Member of the Senate
- In office 15 May 1969 – 11 September 1973
- Constituency: O'Higgins and Colchagua

Member of the Chamber of Deputies
- In office 15 May 1961 – 15 May 1969
- Constituency: Rancagua, Caupolicán, Cachapoal and San Vicente

Personal details
- Born: December 8, 1910 Santiago, Chile
- Died: August 22, 1976 (aged 65) Santiago, Chile
- Party: Falange Nacional; Christian Democratic Party;
- Spouse: Sixta Horta Toro
- Alma mater: University of Chile (Chemistry, Law)
- Occupation: Politician
- Profession: Chemist, Pharmacist, Lawyer

= Ricardo Valenzuela Sáez =

Chilean politician (1910–1976)

Ricardo Valenzuela Saéz (8 December 1910 – 22 August 1976) was a Chilean chemist, pharmacist, lawyer and politician, member of the Christian Democratic Party (PDC). He served as deputy between 1961 and 1969, and senator for O'Higgins and Colchagua between 1969 and 1973.

==Biography==
He was born in Santiago on 8 December 1910, the son of Ricardo Valenzuela and María Ester Sáez. He married Sixta Horta Toro.

He studied at the Liceo of Rengo, and later entered the University of Chile, where he graduated as a chemist-pharmacist in 1930, with a thesis entitled Bioquímica del Ácido Oxálico. He later pursued studies in law at the same university, graduating in 1954 with a thesis on Fundamento para una Reforma de la Seguridad Social en Chile.

==Public career==
Valenzuela joined the Falange Nacional in 1939. He worked as professor of Pharmaceutical Legislation and Deontology at the University of Chile (1949–1954). He was Secretary General of the Pan-American Confederation of Biochemistry and Pharmacy (1955).

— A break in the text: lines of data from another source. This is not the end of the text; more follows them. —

(* Consider Algorithm AUX with parameter $t_0$ on an instance satisfying the standing assumption, with an edge labeling as in the context. Let $u,v$ be the two offline neighbors of a second-class online type. Then for every $t\in[0,1]$, we have $2\bar f_u(t)-g'_{u,v}(t)\ge \bar g(t)$.
   Context: **Model.** Poisson arrival model. Each online type $i$ independently arrives according to a Poisson process of rate $\lambda_i$ on $[0,1]$. On arrival, a vertex is immediately and irrevocably matched to an unmatched offline neighbor or discarded. Each offline vertex is matched at most once. The instance is a bipartite graph $(I,J,E)$ with rates $\lambda_i>0$. **Standing assumption.** There are values $x_{ij}\ge0$ (an optimal Jaillet–Lu LP solution) with $\sum_i x_{ij}=1$ for all $j$, and each type is one of two kinds: - first-class: one neighbor $j$, with $x_{ij}=\lambda_i$; - second-class: two neighbors $j_1,j_2$, with $x_{ij_1}=x_{ij_2}=\lambda_i/2$. **Labeling.** Each edge is labeled first-class or second-class. Edges of first-class types are labeled first-class. For every $j$, the first-class-labeled edges at $j$ have total $x$-value $1-\ln2$. **Reference process.** $H$ has offline vertices $a,b$; a type of rate $2\ln2$ adjacent to both; and types of rate $1-\ln2$ adjacent only to $a$, resp. only to $b$. Algorithm RES with parameter $t_0$ works as follows: - single-neighbor arrivals are matched if their neighbor is unmatched; - a two-neighbor arrival at time $t>t_0$ with an unmatched neighbor is matched to a uniformly random unmatched neighbor. On $H$ under RES, $f(t)$ is the probability that a given offline vertex is matched by time $t$, $g(t)$ the probability both are, and $\bar g=1-g$. **Algorithm AUX (parameter $t_0$).** Under AUX: - $f_u(t)$ is the probability that offline $u$ is matched by time $t$, and $\bar f_u=1-f_u$; - $g'_{u,v}(t)$ is the probability that both $u$ and $v$ are unmatched at time $t$. Edges are used only if their offline endpoint is unmatched. - A first-class arrival is matched to its neighbor if possible. - A second-class arrival of type $i$ with neighbors $u,v$ chooses at most one edge, with disjoint probabilities: - each first-class-labeled edge $(i,u)$ with probability $1/2$; - if the arrival time is $t>t_0$, each second-class-labeled edge $(i,u)$ with probability $\frac12\min\{\bar g(t)/(2\bar f_u(t)-g'_{u,v}(t)),1\}$ if $v$ is unmatched, or $\min\{\bar g(t)/(2\bar f_u(t)-g'_{u,v}(t)),1\}$ if $v$ is matched. *)

theory Defs
  imports "HOL-Analysis.Analysis"
begin

text \<open>Instance: online types I with rates lam and neighbourhoods nbr (subsets of the
offline vertex set J); values x.\<close>

definition standing ::
  "'i set \<Rightarrow> 'j set \<Rightarrow> ('i \<Rightarrow> real) \<Rightarrow> ('i \<Rightarrow> 'j set) \<Rightarrow> ('i \<Rightarrow> 'j \<Rightarrow> real) \<Rightarrow> bool" where
  "standing I J lam nbr x \<longleftrightarrow>
     finite I \<and> finite J \<and>
     (\<forall>i\<in>I. lam i > 0 \<and> nbr i \<subseteq> J \<and>
        ((\<exists>j. nbr i = {j} \<and> x i j = lam i) \<or>
         (\<exists>j1 j2. j1 \<noteq> j2 \<and> nbr i = {j1, j2} \<and> x i j1 = lam i / 2 \<and> x i j2 = lam i / 2))) \<and>
     (\<forall>j\<in>J. (\<Sum>i\<in>{i\<in>I. j \<in> nbr i}. x i j) = 1)"

text \<open>Edge labeling: lab i j = True means the edge (i,j) is labeled first-class.\<close>

definition valid_labeling ::
  "'i set \<Rightarrow> 'j set \<Rightarrow> ('i \<Rightarrow> 'j set) \<Rightarrow> ('i \<Rightarrow> 'j \<Rightarrow> real) \<Rightarrow> ('i \<Rightarrow> 'j \<Rightarrow> bool) \<Rightarrow> bool" where
  "valid_labeling I J nbr x lab \<longleftrightarrow>
     (\<forall>i\<in>I. card (nbr i) = 1 \<longrightarrow> (\<forall>j\<in>nbr i. lab i j)) \<and>
     (\<forall>j\<in>J. (\<Sum>i\<in>{i\<in>I. j \<in> nbr i \<and> lab i j}. x i j) = 1 - ln 2)"

text \<open>Law of a matching process whose state is the set S of matched offline vertices.
p t S is the probability that the matched set at time t is exactly S (S \<subseteq> J);
rate t S w is the rate at which unmatched w gets matched at time t in state S.
The Kolmogorov forward equations are stated in integral form on [0,1]
(the rates may jump at t0).\<close>

definition kolmo ::
  "'j set \<Rightarrow> (real \<Rightarrow> 'j set \<Rightarrow> 'j \<Rightarrow> real) \<Rightarrow> (real \<Rightarrow> 'j set \<Rightarrow> real) \<Rightarrow> bool" where
  "kolmo J rate p \<longleftrightarrow>
     (\<forall>S. S \<subseteq> J \<longrightarrow> p 0 S = (if S = {} then 1 else 0)) \<and>
     (\<forall>t\<in>{0..1}. \<forall>S. S \<subseteq> J \<longrightarrow>
        ((\<lambda>s. (\<Sum>w\<in>S. p s (S - {w}) * rate s (S - {w}) w)
              - p s S * (\<Sum>w\<in>J - S. rate s S w)) has_integral (p t S - p 0 S)) {0..t})"

text \<open>Reference process H under RES: offline vertices a = True, b = False.
Each offline vertex has its own single-neighbour type of rate 1 - ln 2; the
two-neighbour type has rate 2 ln 2 and, after t0, picks a uniformly random
unmatched neighbour.\<close>

definition rateRES :: "real \<Rightarrow> real \<Rightarrow> bool set \<Rightarrow> bool \<Rightarrow> real" where
  "rateRES t0 t S w =
     (1 - ln 2) + (if t0 < t then 2 * ln 2 * (if (\<not> w) \<in> S then 1 else 1 / 2) else 0)"

definition fbar :: "'j set \<Rightarrow> (real \<Rightarrow> 'j set \<Rightarrow> real) \<Rightarrow> 'j \<Rightarrow> real \<Rightarrow> real" where
  "fbar J p u t = (\<Sum>S\<in>{S. S \<subseteq> J \<and> u \<notin> S}. p t S)"

definition gprime :: "'j set \<Rightarrow> (real \<Rightarrow> 'j set \<Rightarrow> real) \<Rightarrow> 'j \<Rightarrow> 'j \<Rightarrow> real \<Rightarrow> real" where
  "gprime J p u v t = (\<Sum>S\<in>{S. S \<subseteq> J \<and> u \<notin> S \<and> v \<notin> S}. p t S)"

text \<open>Probability that an arrival of type i at time t in state S chooses edge (i,w)
(w unmatched).  gbar is the function 1 - g of the reference process.\<close>

definition aux_prob ::
  "'j set \<Rightarrow> ('i \<Rightarrow> 'j set) \<Rightarrow> ('i \<Rightarrow> 'j \<Rightarrow> bool) \<Rightarrow> real \<Rightarrow> (real \<Rightarrow> real)
    \<Rightarrow> (real \<Rightarrow> 'j set \<Rightarrow> real) \<Rightarrow> real \<Rightarrow> 'j set \<Rightarrow> 'i \<Rightarrow> 'j \<Rightarrow> real" where
  "aux_prob J nbr lab t0 gbar p t S i w =
     (if card (nbr i) = 1 then 1
      else if lab i w then 1 / 2
      else if t0 < t then
        (let v = the_elem (nbr i - {w});
             r = min (gbar t / (2 * fbar J p w t - gprime J p w v t)) 1
         in if v \<notin> S then r / 2 else r)
      else 0)"

definition aux_rate ::
  "'i set \<Rightarrow> 'j set \<Rightarrow> ('i \<Rightarrow> real) \<Rightarrow> ('i \<Rightarrow> 'j set) \<Rightarrow> ('i \<Rightarrow> 'j \<Rightarrow> bool) \<Rightarrow> real
    \<Rightarrow> (real \<Rightarrow> real) \<Rightarrow> (real \<Rightarrow> 'j set \<Rightarrow> real) \<Rightarrow> real \<Rightarrow> 'j set \<Rightarrow> 'j \<Rightarrow> real" where
  "aux_rate I J lam nbr lab t0 gbar p t S w =
     (\<Sum>i\<in>{i\<in>I. w \<in> nbr i}. lam i * aux_prob J nbr lab t0 gbar p t S i w)"

end

theory Submission
  imports Defs
begin

text \<open>
  Write f = fbar_ref and g = gbar for the reference process H, and f_w, g'_wv and
  D_wv = 2 f_w - g'_wv for AUX.  H is explicit: by symmetry its forward equations give
  f' = -(1 - ln 2) f - [t > t0] (ln 2) g and g' = -2 rho (g - f), where rho is the rate at which
  a vertex of H whose partner is matched gets matched.  In AUX, a second-class edge (i, w) adds
  at most x_iw g to the matching flux into w, and these edges carry total x-value ln 2, so a
  barrier argument gives f_w >= f.  This keeps every D_wv positive, hence the rates of AUX and
  its law nonnegative.  All rates of AUX are then at most rho, which yields
  f_u + f_v - g'_uv >= g.  Fed back into the flux, this bounds the derivative of f_w - f by ln 2
  times its maximum over w; as ln 2 < 1, Gronwall gives f_w = f for all w, and finally
  2 f_u - g'_uv = f_u + f_v - g'_uv >= g.\<close>

lemma integral_form_subinterval:
  fixes G y :: "real \<Rightarrow> real"
  assumes y: "\<forall>s\<in>{a..b}. (G has_integral (y s - y a)) {a..s}"
    and "a \<le> c" "c \<le> d" "d \<le> b"
  shows "(G has_integral (y d - y c)) {c..d}"
proof -
  have ad: "(G has_integral (y d - y a)) {a..d}" and ac: "(G has_integral (y c - y a)) {a..c}"
    using y assms by auto
  have ad_int: "G integrable_on {a..d}" using ad by blast
  have cd: "G integrable_on {c..d}"
    by (rule integrable_subinterval_real[OF ad_int]) (use assms in auto)
  have "integral {a..c} G + integral {c..d} G = integral {a..d} G"
    using Henstock_Kurzweil_Integration.integral_combine[OF _ _ ad_int] assms by auto
  then have "integral {c..d} G = y d - y c"
    using ac ad by (simp add: integral_unique)
  with integrable_integral[OF cd] show ?thesis by simp
qed

lemma integral_form_continuous_on:
  fixes G y :: "real \<Rightarrow> real"
  assumes y: "\<forall>s\<in>{a..b}. (G has_integral (y s - y a)) {a..s}" and "a \<le> b"
  shows "continuous_on {a..b} y"
proof -
  have "G integrable_on {a..b}" using assms by auto
  then have "continuous_on {a..b} (\<lambda>s. y a + integral {a..s} G)"
    by (intro continuous_on_add continuous_on_const indefinite_integral_continuous_1)
  moreover have "y a + integral {a..s} G = y s" if "s \<in> {a..b}" for s
  proof -
    have "(G has_integral (y s - y a)) {a..s}" using y that by blast
    then show ?thesis by (simp add: integral_unique)
  qed
  ultimately show ?thesis by (rule continuous_on_eq)
qed
lemma countable_support_completionP:
  assumes "x \<in> completionP P m B"
  shows "countable {k. x k \<noteq> 0}"
proof (rule countable_subset)
  show "{k. x k \<noteq> 0} \<subseteq> (\<Union>n::nat. {k. x k \<noteq> 0 \<and> mono_val P k \<le> real n})"
    using real_arch_simple by blast
  have "finite {k. x k \<noteq> 0 \<and> mono_val P k \<le> C}" for C
    using assms by (simp add: completionP_def mono_val_def)
  then show "countable (\<Union>n::nat. {k. x k \<noteq> 0 \<and> mono_val P k \<le> real n})"
    by (intro countable_UN countableI_type countable_finite)
qed

lemma exists_index_bound:
  fixes idx :: "'a \<Rightarrow> nat" and g :: "'a \<Rightarrow> real"
  assumes "finite {k \<in> S. g k \<le> r}"
  obtains N where "\<And>k. k \<in> S \<Longrightarrow> N \<le> idx k \<Longrightarrow> r < g k"
proof -
  obtain N where N: "idx ` {k \<in> S. g k \<le> r} \<subseteq> {..<N}"
    using finite_nat_bounded assms by blast
  show ?thesis
  proof (rule that)
    fix k assume k: "k \<in> S" "N \<le> idx k"
    show "r < g k"
    proof (rule ccontr)
      assume "\<not> r < g k"
      then have "idx k \<in> {..<N}" using N k(1) by (auto simp: not_less)
      with k(2) show False by simp
    qed
  qed
qed

text \<open>The \<open>i\<close>-th term of the series is the monomial of \<open>x\<close> with index \<open>i\<close> in an
  enumeration of the support, rewritten in the variables \<open>z\<close> by means of a choice \<open>Fo\<close>
  of decompositions as in \<open>exists_normal_decomposition\<close>; its valuation is then
  \<open>v\<^sub>T\<^sup>P\<close> of that monomial.\<close>

context
  fixes m B :: nat and v :: "nat \<Rightarrow> int^'n" and lam :: "nat \<Rightarrow> real"
    and x :: "real \<times> (nat \<Rightarrow> int) \<times> (int^'n) \<Rightarrow> 'r::ab_group_add"
    and Fo :: "int^'n \<Rightarrow> nat \<Rightarrow> nat"
  assumes x: "x \<in> completion0P (polytopeP m v lam) m B"
    and Fo_sum: "\<And>f. (\<Sum>j<m. of_nat (Fo f j) *s v j) = f"
    and Fo_wtP: "\<And>f. wtP (polytopeP m v lam) f = (\<Sum>j<m. real (Fo f j) * lam j)"
begin

private abbreviation "S \<equiv> {k. x k \<noteq> 0}"
private abbreviation "idx \<equiv> to_nat_on S"
private abbreviation "key \<equiv> from_nat_into S"

definition enum_coeff :: "nat \<Rightarrow> real \<Rightarrow> 'r" where
  "enum_coeff i = novikov_monomial (mono_val (polytopeP m v lam) (key i))
     (if i \<in> idx ` S then x (key i) else 0)"

definition enum_wexp :: "nat \<Rightarrow> nat \<Rightarrow> int" where
  "enum_wexp i = (if i \<in> idx ` S then fst (snd (key i)) else (\<lambda>_. 0))"

definition enum_zexp :: "nat \<Rightarrow> nat \<Rightarrow> nat" where
  "enum_zexp i = Fo (snd (snd (key i)))"

private lemma key_idx: "k \<in> S \<Longrightarrow> key (idx k) = k"
proof -
  have "countable S" using x countable_support_completionP by (auto simp: completion0P_def)
  then show "k \<in> S \<Longrightarrow> key (idx k) = k" by simp
qed

private lemma key_mem: "i \<in> idx ` S \<Longrightarrow> key i \<in> S \<and> idx (key i) = i"
  using key_idx by auto

private lemma index_bound_mono_val: obtains N where "\<And>k. k \<in> S \<Longrightarrow> N \<le> idx k \<Longrightarrow> r < mono_val (polytopeP m v lam) k"
proof -
  have "finite {k \<in> S. mono_val (polytopeP m v lam) k \<le> r}"
    using x by (simp add: mem_completion0P_iff)
  from exists_index_bound[where idx = idx, OF this] that show ?thesis by blast
qed

lemma series_term_enum:
  "series_term m v lam (enum_coeff i) (enum_wexp i) (enum_zexp i) =
     (\<lambda>k. if k \<in> S \<and> idx k = i then x k else 0)"
proof -
  have "enum_coeff i = novikov_monomial (fst (key i) + (\<Sum>j<m. real (enum_zexp i j) * lam j))
      (if i \<in> idx ` S then x (key i) else 0)"
    by (simp add: enum_coeff_def mono_val_def enum_zexp_def Fo_wtP)
  then have st: "series_term m v lam (enum_coeff i) (enum_wexp i) (enum_zexp i) =
      (\<lambda>k. if k = (fst (key i), enum_wexp i, snd (snd (key i)))
           then (if i \<in> idx ` S then x (key i) else 0) else 0)"
    by (simp add: series_term_novikov_monomial enum_zexp_def Fo_sum)
  show ?thesis
  proof (cases "i \<in> idx ` S")
    case True
    then have K: "(fst (key i), enum_wexp i, snd (snd (key i))) = key i"
      by (simp add: enum_wexp_def)
    have iff: "k = key i \<longleftrightarrow> k \<in> S \<and> idx k = i" for k
      using True key_idx key_mem by metis
    show ?thesis unfolding st K
    proof
      show "(if k = key i then (if i \<in> idx ` S then x (key i) else 0) else 0) =
            (if k \<in> S \<and> idx k = i then x k else 0)" for k
        using iff[of k] True by auto
    qed
  next
    case False
    then have "\<And>k. \<not> (k \<in> S \<and> idx k = i)" by auto
    with False show ?thesis unfolding st by (intro ext) auto
  qed
qed

lemma vT_enum_coeff:
  "vT (enum_coeff i) = (if i \<in> idx ` S then ereal (mono_val (polytopeP m v lam) (key i)) else \<infinity>)"
  using key_mem[of i] by (auto simp: enum_coeff_def vT_novikov_monomial)

lemma series_data_enum: "series_data m B enum_coeff enum_wexp"
  unfolding series_data_def
proof (intro conjI allI)
  fix i
  show "novikov (enum_coeff i)" by (simp add: enum_coeff_def novikov_novikov_monomial)
  show "0 \<le> vT (enum_coeff i)"
  proof (cases "i \<in> idx ` S")
    case True
    have "0 \<le> valP (polytopeP m v lam) x" using x by (simp add: mem_completion0P_iff)
    also have "\<dots> \<le> ereal (mono_val (polytopeP m v lam) (key i))"
      using key_mem[OF True] by (intro valP_le) simp
    finally show ?thesis using True by (simp add: vT_enum_coeff)
  qed (simp add: vT_enum_coeff)
  show "admissible_exp m B (enum_wexp i)"
  proof (cases "i \<in> idx ` S")
    case True
    then have "x (key i) \<noteq> 0" using key_mem by blast
    with x True show ?thesis
      by (simp add: mem_completion0P_iff enum_wexp_def del: split_paired_All)
  qed (simp add: enum_wexp_def admissible_exp_def)
next
  show "((\<lambda>i. vT (enum_coeff i)) \<longlongrightarrow> \<infinity>) sequentially"
    unfolding tendsto_PInfty eventually_sequentially
  proof
    fix r
    obtain N where N: "\<And>k. k \<in> S \<Longrightarrow> N \<le> idx k \<Longrightarrow> r < mono_val (polytopeP m v lam) k"
      using index_bound_mono_val by blast
    have "ereal r < vT (enum_coeff i)" if "N \<le> i" for i
      using N[of "key i"] that key_mem[of i] by (simp add: vT_enum_coeff)
    then show "\<exists>N. \<forall>i\<ge>N. ereal r < vT (enum_coeff i)" by blast
  qed
qed
lemma matrix_inv_act:
  assumes g: "invertible g" and P: "invertible P"
  shows "matrix_inv (act g P) = g ** matrix_inv P ** transpose g"
proof -
  have "matrix_inv (act g P) = matrix_inv (matrix_inv g) ** matrix_inv (transpose (matrix_inv g) ** P)"
    unfolding act_def
    by (intro matrix_inv_mult invertible_mult transpose_invertible invertible_matrix_inv g P)
  also have "matrix_inv (transpose (matrix_inv g) ** P) = matrix_inv P ** transpose g"
    using g P
    by (simp add: matrix_inv_mult transpose_invertible invertible_matrix_inv transpose_matrix_inv
        matrix_inv_matrix_inv)
  finally show ?thesis by (simp add: matrix_inv_matrix_inv g matrix_mul_assoc)
qed

lemma riem_metric_act:
  assumes g: "invertible g" and P: "invertible P"
  shows "riem_metric (act g P) (act g A) (act g B) = riem_metric P A B"
proof -
  let ?G = "matrix_inv g" and ?Q = "matrix_inv P"
  have gG: "transpose g ** transpose ?G = mat 1"
    by (simp add: g matrix_inv_left flip: matrix_transpose_mul)
  have "matrix_inv (act g P) ** act g A ** matrix_inv (act g P) ** act g B
      = g ** ?Q ** (transpose g ** transpose ?G) ** A ** (?G ** g) ** ?Q
          ** (transpose g ** transpose ?G) ** B ** ?G"
    unfolding matrix_inv_act[OF g P] by (simp add: act_def matrix_mul_assoc)
  also have "\<dots> = g ** (?Q ** A ** ?Q ** B ** ?G)"
    using gG matrix_inv_left[OF g] by (simp add: matrix_mul_assoc)
  finally have conj: "matrix_inv (act g P) ** act g A ** matrix_inv (act g P) ** act g B
      = g ** (?Q ** A ** ?Q ** B ** ?G)" .
  have "trace (g ** (?Q ** A ** ?Q ** B ** ?G)) = trace ((?Q ** A ** ?Q ** B ** ?G) ** g)"
    by (rule trace_mul_sym)
  also have "\<dots> = trace (?Q ** A ** ?Q ** B)"
    by (simp add: matrix_inv_left g flip: matrix_mul_assoc)
  finally show ?thesis unfolding riem_metric_def conj by simp
qed

definition curve_lengths :: "mat3 \<Rightarrow> mat3 \<Rightarrow> real set" where
  "curve_lengths P Q = {riem_length c c' | c c'. adm_curve c c' \<and> c 0 = P \<and> c 1 = Q}"

lemma adm_curve_act:
  assumes g: "invertible g" and c: "adm_curve c c'"
  shows "adm_curve (\<lambda>t. act g (c t)) (\<lambda>t. act g (c' t))"
  using c act_Mg[OF g] bounded_linear.has_vector_derivative[OF bounded_linear_act]
    continuous_on_compose2[OF linear_continuous_on[OF bounded_linear_act], of _ c' UNIV]
  unfolding adm_curve_def by auto

lemma riem_length_act:
  assumes g: "invertible g" and c: "adm_curve c c'"
  shows "riem_length (\<lambda>t. act g (c t)) (\<lambda>t. act g (c' t)) = riem_length c c'"
  unfolding riem_length_def
  using c riem_metric_act[OF g Mg_invertible] unfolding adm_curve_def
  by (intro integral_cong) auto

lemma curve_lengths_act_subset:
  "invertible g \<Longrightarrow> curve_lengths P Q \<subseteq> curve_lengths (act g P) (act g Q)"
  unfolding curve_lengths_def
  by (auto 0 4 intro: adm_curve_act simp flip: riem_length_act)

lemma riem_dist_act:
  assumes g: "invertible g"
  shows "riem_dist (act g P) (act g Q) = riem_dist P Q"
proof -
  have "curve_lengths (act g P) (act g Q) \<subseteq> curve_lengths P Q"
    using curve_lengths_act_subset[OF invertible_matrix_inv[OF g], of "act g P" "act g Q"]
    by (simp add: act_matrix_inv g)
  then have "curve_lengths (act g P) (act g Q) = curve_lengths P Q"
    using curve_lengths_act_subset[OF g] by blast
  then show ?thesis unfolding riem_dist_def curve_lengths_def by simp
qed

lemma isometry_act: assumes g: "invertible g" shows "isometry_Mg (act g)"
  unfolding isometry_Mg_def
proof (intro conjI ballI riem_dist_act[OF g])
  show "bij_betw (act g) Mg Mg"
  proof (rule bij_betwI[where g = "act (matrix_inv g)"])
    show "act g \<in> Mg \<rightarrow> Mg" "act (matrix_inv g) \<in> Mg \<rightarrow> Mg"
      using act_Mg g invertible_matrix_inv by auto
    show "act (matrix_inv g) (act g P) = P" "act g (act (matrix_inv g) P) = P" for P
      using act_matrix_inv[OF g] act_matrix_inv[OF invertible_matrix_inv[OF g]]
      by (simp_all add: matrix_inv_matrix_inv g)
  qed
qed

section \<open>The group R^x Aut(r_3) and the lower triangular group\<close>

lemma is_aut_iff_entries:
  "is_aut \<phi> \<longleftrightarrow> \<phi>$1$2 = 0 \<and> \<phi>$1$3 = 0 \<and> \<phi>$2$3 = 0 \<and> \<phi>$1$1 = 1 \<and> \<phi>$2$2 = \<phi>$3$3 \<and> \<phi>$2$2 \<noteq> 0"
proof
  assume aut: "is_aut \<phi>"
  have det: "det \<phi> \<noteq> 0" using aut invertible_det_nz unfolding is_aut_def by auto
  have hom: "(\<phi> *v r3_bracket x y)$i = (r3_bracket (\<phi> *v x) (\<phi> *v y))$i" for x y i
    using aut unfolding is_aut_def by simp
  have z13: "\<phi>$1$3 = 0" using hom[of "axis 1 1" "axis 3 1" 1]
    by (simp add: matrix_vector_entry_3 r3_bracket_def axis_def)
  then have z12: "\<phi>$1$2 = 0" using hom[of "axis 1 1" "axis 2 1" 1]
    by (simp add: matrix_vector_entry_3 r3_bracket_def axis_def)
  have c1: "\<phi>$2$3 * (1 - \<phi>$1$1) = 0" using hom[of "axis 1 1" "axis 3 1" 2] z13 z12
    by (simp add: matrix_vector_entry_3 r3_bracket_def axis_def algebra_simps)
  have c2: "\<phi>$3$3 * (1 - \<phi>$1$1) = \<phi>$1$1 * \<phi>$2$3" using hom[of "axis 1 1" "axis 3 1" 3] z13 z12
    by (simp add: matrix_vector_entry_3 r3_bracket_def axis_def algebra_simps)
  have c3: "\<phi>$3$2 + \<phi>$3$3 = \<phi>$1$1 * \<phi>$2$2 + \<phi>$1$1 * \<phi>$3$2"
    using hom[of "axis 1 1" "axis 2 1" 3] z13 z12
    by (simp add: matrix_vector_entry_3 r3_bracket_def axis_def algebra_simps)
  have det': "\<phi>$1$1 * (\<phi>$2$2 * \<phi>$3$3 - \<phi>$2$3 * \<phi>$3$2) \<noteq> 0"
    using det z13 z12 by (simp add: det_3 algebra_simps)
  have "\<phi>$1$1 = 1"
    using c1 c2 det' by (cases "\<phi>$1$1 = 1") auto
  then show "\<phi>$1$2 = 0 \<and> \<phi>$1$3 = 0 \<and> \<phi>$2$3 = 0 \<and> \<phi>$1$1 = 1 \<and> \<phi>$2$2 = \<phi>$3$3 \<and> \<phi>$2$2 \<noteq> 0"
    using z13 z12 c2 c3 det' by auto
next
  assume "\<phi>$1$2 = 0 \<and> \<phi>$1$3 = 0 \<and> \<phi>$2$3 = 0 \<and> \<phi>$1$1 = 1 \<and> \<phi>$2$2 = \<phi>$3$3 \<and> \<phi>$2$2 \<noteq> 0"
  moreover from this have "invertible \<phi>"
    by (simp add: invertible_det_nz det_3)
  ultimately show "is_aut \<phi>" unfolding is_aut_def
    by (simp add: vec_eq_iff forall_3 matrix_vector_entry_3 r3_bracket_def algebra_simps)
qed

In 1957, he became a member of the newly founded Christian Democratic Party. He was elected deputy for Rancagua, Caupolicán, Cachapoal and San Vicente (1961–1965), serving on the permanent commissions of Interior Government, Economy and Trade, and Police and Regulations.

He was reelected deputy for the same constituency (1965–1969), and integrated the permanent commissions of Labor and Social Legislation, Public Education, and Government Interior. He also participated as Chilean delegate in the foundation of the Latin American Parliament in Lima (1962).

In 1969 he was elected senator for O’Higgins and Colchagua (1969–1977), joining the permanent commissions of Public Education and Public Health. He was also national vice-president of the PDC (1970). His senatorial term was cut short by the dissolution of Congress following the 1973 Chilean coup d'état.

He died on 22 August 1976 in Santiago, after a long illness, having retired from political life following the coup. He was buried in the Cementerio General de Santiago.